The actual process of blog creation (as opposed to the more complex website-creation which still takes a fair amount of expertise to create) had been made fairly simple over time, just follow a few simple prompts and you are in business. Also over time what was possible to do has been updated for ease, for example linking to other platforms to your site and be able to present multi-media works lashing up say your blog with YouTube or downloading photographs to add something to your presentation. Peter one afternoon after Sam had asked about his blog links showed him the most political one that he belonged to, one he had recently begun to share space with Josh Breslin, Frank Jackman and a couple of other guys that he had known since the 1960s on and who were familiar with the various social, political and cultural trends that floated out from that period. 
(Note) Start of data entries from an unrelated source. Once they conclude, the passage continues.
(* Let $I\subseteq\{1,\dots,m\}$, let $A\subseteq F_I(\Gamma^m)$ be a definable set all of whose points have non-negative coordinates, and let $f_1,\dots,f_r$ be definable maps from $A$ to $\mathcal{Q}$. Then there exists a largely continuous, positive, integrally affine map $f:A\to\mathcal{Z}$ such that $f(x)\geq\max_jf_j(x)$ for all $x\in A$ and $\bar f=+\infty$ on $\partial A$. More precisely, $f$ can be taken of the form $f(x)=\beta+\alpha\sum_{i\in I}x_i$ on $A$, for some positive $\alpha\in\mathbb{Z}$ and $\beta\in\mathcal{Z}$.
   Context: $\mathcal{Z}$ is a $\mathbb{Z}$-group (linearly ordered abelian group with smallest positive element $1$, $|\mathcal{Z}/n\mathcal{Z}|=n$ for all $n\geq1$), $\mathcal{Q}$ its divisible hull, $\Gamma=\mathcal{Z}\cup\{+\infty\}$, $\Omega=\mathcal{Q}\cup\{+\infty\}$. Topology on $\Omega$ generated by open intervals and $]a,+\infty]$; product topology on $\Omega^m$; $\overline A$ closure; frontier $\partial A$ = closure of $\overline A\setminus A$. $F_I(\Gamma^m)$: points of $\Gamma^m$ whose non-$+\infty$ coordinates are exactly those indexed by $I$, identified with $\mathcal{Z}^{|I|}$. Definable: $A\subseteq\Gamma^m$ is definable if each $A\cap F_K(\Gamma^m)$ is first-order definable with parameters in $\mathcal{Z}$ in the Presburger language $\{0,1,+,\leq,(\equiv_n)_{n\geq1}\}$; $g:A\to\Omega$ is definable if for some integer $n\geq1$, $ng$ takes values in $\Gamma$ and on each $A\cap F_K(\Gamma^m)$ is either constantly $+\infty$ or a map into $\mathcal{Z}$ with definable graph. $f$ is integrally affine on $A\subseteq F_I(\Gamma^m)$ if $f(a)=\alpha_0+\sum_{i\in I}\alpha_ia_i$ with $\alpha_0\in\mathcal{Z}$, $\alpha_i\in\mathbb{Z}$; largely continuous if it extends to a continuous $\bar f$ on $\overline A$; positive if $f>0$ on $A$. *)

theory Defs
  imports "HOL-Analysis.Analysis"
begin

primrec nmul :: "nat \<Rightarrow> 'a::ab_group_add \<Rightarrow> 'a" where
  "nmul 0 x = 0"
| "nmul (Suc n) x = x + nmul n x"

definition zmul :: "int \<Rightarrow> 'a::ab_group_add \<Rightarrow> 'a" where
  "zmul k x = (if 0 \<le> k then nmul (nat k) x else - nmul (nat (- k)) x)"

text \<open>A Z-group: a linearly ordered abelian group with smallest positive element e
  (playing the role of 1) such that Z/nZ has exactly n elements for every n \<ge> 1.\<close>
definition zgroup :: "'z::linordered_ab_group_add \<Rightarrow> bool" where
  "zgroup e \<longleftrightarrow> 0 < e \<and> (\<forall>x. 0 < x \<longrightarrow> e \<le> x) \<and>
     (\<forall>n\<ge>1. card ((UNIV::'z set) // {(x, y). \<exists>q. x - y = nmul n q}) = n)"

definition divisible_hull :: "('z::linordered_ab_group_add \<Rightarrow> 'q::linordered_ab_group_add) \<Rightarrow> bool" where
  "divisible_hull iota \<longleftrightarrow>
     (\<forall>a b. iota (a + b) = iota a + iota b) \<and>
     (\<forall>a b. a < b \<longrightarrow> iota a < iota b) \<and>
     (\<forall>y::'q. \<forall>n\<ge>1. \<exists>w. nmul n w = y) \<and>
     (\<forall>y. \<exists>n\<ge>1. nmul n y \<in> range iota)"

datatype 'a ext = Fin 'a | PInf

fun eless :: "'a::linorder ext \<Rightarrow> 'a ext \<Rightarrow> bool" where
  "eless (Fin a) (Fin b) = (a < b)"
| "eless (Fin a) PInf = True"
| "eless PInf _ = False"

fun emap :: "('a \<Rightarrow> 'b) \<Rightarrow> 'a ext \<Rightarrow> 'b ext" where
  "emap g (Fin a) = Fin (g a)"
| "emap g PInf = PInf"

fun eval :: "'a::zero ext \<Rightarrow> 'a" where
  "eval (Fin a) = a"
| "eval PInf = 0"

text \<open>Topology on Omega = Q \<union> {+\<infinity>}: generated by the open intervals ]a,b[ and
  the intervals ]a,+\<infinity>].\<close>
definition Omega_top :: "'q::linorder ext topology" where
  "Omega_top = topology_generated_by
     ({{y. eless a y \<and> eless y b} | a b. True} \<union> {{y. eless a y} | a. True})"

text \<open>Omega^m with the product topology; points are functions on {1..m}
  (extensional, i.e. undefined outside {1..m}).\<close>
definition Omega_m_top :: "nat \<Rightarrow> (nat \<Rightarrow> 'q::linorder ext) topology" where
  "Omega_m_top m = product_topology (\<lambda>_. Omega_top) {1..m}"

text \<open>Points of Gamma^m (Gamma = Z \<union> {+\<infinity>}).\<close>
definition Gamma_m :: "nat \<Rightarrow> (nat \<Rightarrow> 'z ext) set" where
  "Gamma_m m = PiE {1..m} (\<lambda>_. UNIV)"

definition F_I :: "nat \<Rightarrow> nat set \<Rightarrow> (nat \<Rightarrow> 'z ext) set" where
  "F_I m I = {x \<in> Gamma_m m. \<forall>i\<in>{1..m}. (x i \<noteq> PInf \<longleftrightarrow> i \<in> I)}"

definition lift :: "nat \<Rightarrow> ('z \<Rightarrow> 'q) \<Rightarrow> (nat \<Rightarrow> 'z ext) \<Rightarrow> (nat \<Rightarrow> 'q ext)" where
  "lift m iota x = restrict (\<lambda>i. emap iota (x i)) {1..m}"

datatype 'z pterm = PVar nat | PPar 'z | PZero | POne | PPlus "'z pterm" "'z pterm"

datatype 'z pform = PEq "'z pterm" "'z pterm" | PLe "'z pterm" "'z pterm"
  | PCong nat "'z pterm" "'z pterm" | PNeg "'z pform" | PConj "'z pform" "'z pform"
  | PEx nat "'z pform"

primrec tval :: "'z::linordered_ab_group_add \<Rightarrow> (nat \<Rightarrow> 'z) \<Rightarrow> 'z pterm \<Rightarrow> 'z" where
  "tval e env (PVar i) = env i"
| "tval e env (PPar c) = c"
| "tval e env PZero = 0"
| "tval e env POne = e"
| "tval e env (PPlus s t) = tval e env s + tval e env t"

primrec psat :: "'z::linordered_ab_group_add \<Rightarrow> (nat \<Rightarrow> 'z) \<Rightarrow> 'z pform \<Rightarrow> bool" where
  "psat e env (PEq s t) = (tval e env s = tval e env t)"
| "psat e env (PLe s t) = (tval e env s \<le> tval e env t)"
| "psat e env (PCong n s t) = (\<exists>q. tval e env s - tval e env t = nmul n q)"
| "psat e env (PNeg \<phi>) = (\<not> psat e env \<phi>)"
| "psat e env (PConj \<phi> \<psi>) = (psat e env \<phi> \<and> psat e env \<psi>)"
| "psat e env (PEx i \<phi>) = (\<exists>z. psat e (env(i := z)) \<phi>)"

text \<open>Identification of F_K(Gamma^m) with Z^|K|: variable i (i in K) is the i-th coordinate.
  Variable 0 is unused by coordinates and serves as the output variable of graphs.\<close>
definition coord_env :: "nat set \<Rightarrow> (nat \<Rightarrow> 'z::zero ext) \<Rightarrow> nat \<Rightarrow> 'z" where
  "coord_env K x = (\<lambda>i. if i \<in> K then eval (x i) else 0)"

definition definable_set :: "'z::linordered_ab_group_add \<Rightarrow> nat \<Rightarrow> (nat \<Rightarrow> 'z ext) set \<Rightarrow> bool" where
  "definable_set e m A \<longleftrightarrow> A \<subseteq> Gamma_m m \<and>
     (\<forall>K\<subseteq>{1..m}. \<exists>\<phi>. \<forall>x\<in>F_I m K. (x \<in> A \<longleftrightarrow> psat e (coord_env K x) \<phi>))"

definition emul :: "nat \<Rightarrow> 'q::ab_group_add ext \<Rightarrow> 'q ext" where
  "emul n y = (case y of Fin a \<Rightarrow> Fin (nmul n a) | PInf \<Rightarrow> PInf)"

definition definable_fun :: "'z::linordered_ab_group_add \<Rightarrow> ('z \<Rightarrow> 'q::linordered_ab_group_add) \<Rightarrow> nat
     \<Rightarrow> (nat \<Rightarrow> 'z ext) set \<Rightarrow> ((nat \<Rightarrow> 'z ext) \<Rightarrow> 'q ext) \<Rightarrow> bool" where
  "definable_fun e iota m A g \<longleftrightarrow> (\<exists>n\<ge>1.
     (\<forall>x\<in>A. emul n (g x) \<in> range (emap iota)) \<and>
     (\<forall>K\<subseteq>{1..m}.
        (\<forall>x\<in>A \<inter> F_I m K. g x = PInf) \<or>
        ((\<forall>x\<in>A \<inter> F_I m K. g x \<noteq> PInf) \<and>
         (\<exists>\<psi>. \<forall>x\<in>F_I m K. \<forall>z. (x \<in> A \<and> emul n (g x) = Fin (iota z))
                 \<longleftrightarrow> psat e ((coord_env K x)(0 := z)) \<psi>))))"

definition integrally_affine :: "nat set \<Rightarrow> (nat \<Rightarrow> 'z::linordered_ab_group_add ext) set
     \<Rightarrow> ((nat \<Rightarrow> 'z ext) \<Rightarrow> 'z) \<Rightarrow> bool" where
  "integrally_affine I A f \<longleftrightarrow> (\<exists>a0 (a::nat \<Rightarrow> int). \<forall>x\<in>A.
      f x = a0 + (\<Sum>i\<in>I. zmul (a i) (eval (x i))))"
Sam was amazed at the topics that those guys tackled, stuff that he vaguely remembered hearing about but which kind of passed him by as he delved into the struggle to build his printing shop. He told Peter that he got dizzy looking at the various titles from reviews of old time black and white movies that he remembered watching at the old Strand second-run theater uptown, poetry from the “beat” generation, various political pieces on current stuff like the Middle East, the fight against war, political prisoners most of whom he had never heard of except the ones who had been Black Panthers or guys like that, all kinds of reviews of rock and roll complete with the songs via YouTube, too many reviews of folk music that he never really cared for, books that he knew Peter read like crazy but he could not remember the titles. The guys really had put a lot of stuff together, even stuff from other sites and announcements for every conceivable left-wing oriented event. He decided that he would become a Follower which was nothing sinister like some cult but just that you would receive notice when something was put on the blog.
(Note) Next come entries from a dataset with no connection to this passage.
text \<open>A map that is increasing below and above a cut point t and sends everything above the cut
  below everything under it is a rotation of the circle, so it preserves crossings up to order.\<close>
lemma crosses_image_rotation:
  fixes h :: "nat \<Rightarrow> nat"
  assumes below: "\<And>x y. x \<in> D \<Longrightarrow> y \<in> D \<Longrightarrow> x < y \<Longrightarrow> y < t \<Longrightarrow> h x < h y"
    and above: "\<And>x y. x \<in> D \<Longrightarrow> y \<in> D \<Longrightarrow> x < y \<Longrightarrow> t \<le> x \<Longrightarrow> h x < h y"
    and jump: "\<And>x y. x \<in> D \<Longrightarrow> y \<in> D \<Longrightarrow> x < t \<Longrightarrow> t \<le> y \<Longrightarrow> h y < h x"
    and "X \<subseteq> D" "Y \<subseteq> D" "crosses X Y"
  shows "crosses (h ` X) (h ` Y) \<or> crosses (h ` Y) (h ` X)"
proof -
  obtain a b c d where o: "a < b" "b < c" "c < d" and m: "a \<in> X" "c \<in> X" "b \<in> Y" "d \<in> Y"
    using \<open>crosses X Y\<close> unfolding crosses_def by blast
  have D: "a \<in> D" "b \<in> D" "c \<in> D" "d \<in> D" using m assms(4,5) by auto
  have im: "h a \<in> h ` X" "h c \<in> h ` X" "h b \<in> h ` Y" "h d \<in> h ` Y" using m by auto
  consider "d < t" | "c < t" "t \<le> d" | "b < t" "t \<le> c" | "a < t" "t \<le> b" | "t \<le> a"
    using o by linarith
  then show ?thesis
  proof cases
    case 1
    then have "h a < h b" "h b < h c" "h c < h d"
      using below[OF D(1,2)] below[OF D(2,3)] below[OF D(3,4)] o by auto
    then show ?thesis using im unfolding crosses_def by blast
  next
    case 2
    then have "h d < h a" "h a < h b" "h b < h c"
      using below[OF D(1,2)] below[OF D(2,3)] jump[OF D(1,4)] o by auto
    then show ?thesis using im unfolding crosses_def by blast
  next
    case 3
    then have "h c < h d" "h d < h a" "h a < h b"
      using below[OF D(1,2)] above[OF D(3,4)] jump[OF D(1,4)] o by auto
    then show ?thesis using im unfolding crosses_def by blast
  next
    case 4
    then have "h b < h c" "h c < h d" "h d < h a"
      using above[OF D(2,3)] above[OF D(3,4)] jump[OF D(1,4)] o by auto
    then show ?thesis using im unfolding crosses_def by blast
  next
    case 5
    then have "h a < h b" "h b < h c" "h c < h d"
      using above[OF D(1,2)] above[OF D(2,3)] above[OF D(3,4)] o by auto
    then show ?thesis using im unfolding crosses_def by blast
  qed
qed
Peter also encouraged him to write some pieces about what interested him, maybe start out about the old days in North Adamsville since all the guys mined that vein for sketches. That is what Peter liked to call most of the material on site since they were usually too short to be considered short stories but too long to be human interest snapshots. Sam said he would think about the matter, think about it seriously once he read the caption below:                                                                           

“This space is noted for politics mainly, and mainly the desperate political fight against various social, economic and moral injustices and wrongs in this wicked old world, although the place where politics and cultural expression, especially post-World War II be-bop cultural expression, has drawn some of our interest over the past several years. The most telling example of that interest is in the field of popular music, centrally the blues, city and country, good woman on your mind, hardworking, hard drinking blues and folk music, mainly urban, mainly protest to high heaven against the world’s injustices smite the dragon down, folk music. Of late though the old time 1950s kid, primordial, big bang, jail-break rock and roll music that set us off from earlier generations has drawn our attention. Mostly by reviewing oldies CDs but here, and occasionally hereafter under this headline, specifically songs that some future archaeologists might dig up as prime examples of how we primitives lived ,and what we listened to back in the day.”

Sam could relate to that, had something to say about some of those songs. Josh Breslin laughed when he heard that Sam was interested in doing old time rock and roll sketches. He then added, “If we can only get him to move off his butt and come out and do some street politics with us we would be getting somewhere.” Peter just replied, “one step at a time.” Yeah, that’s the ticket.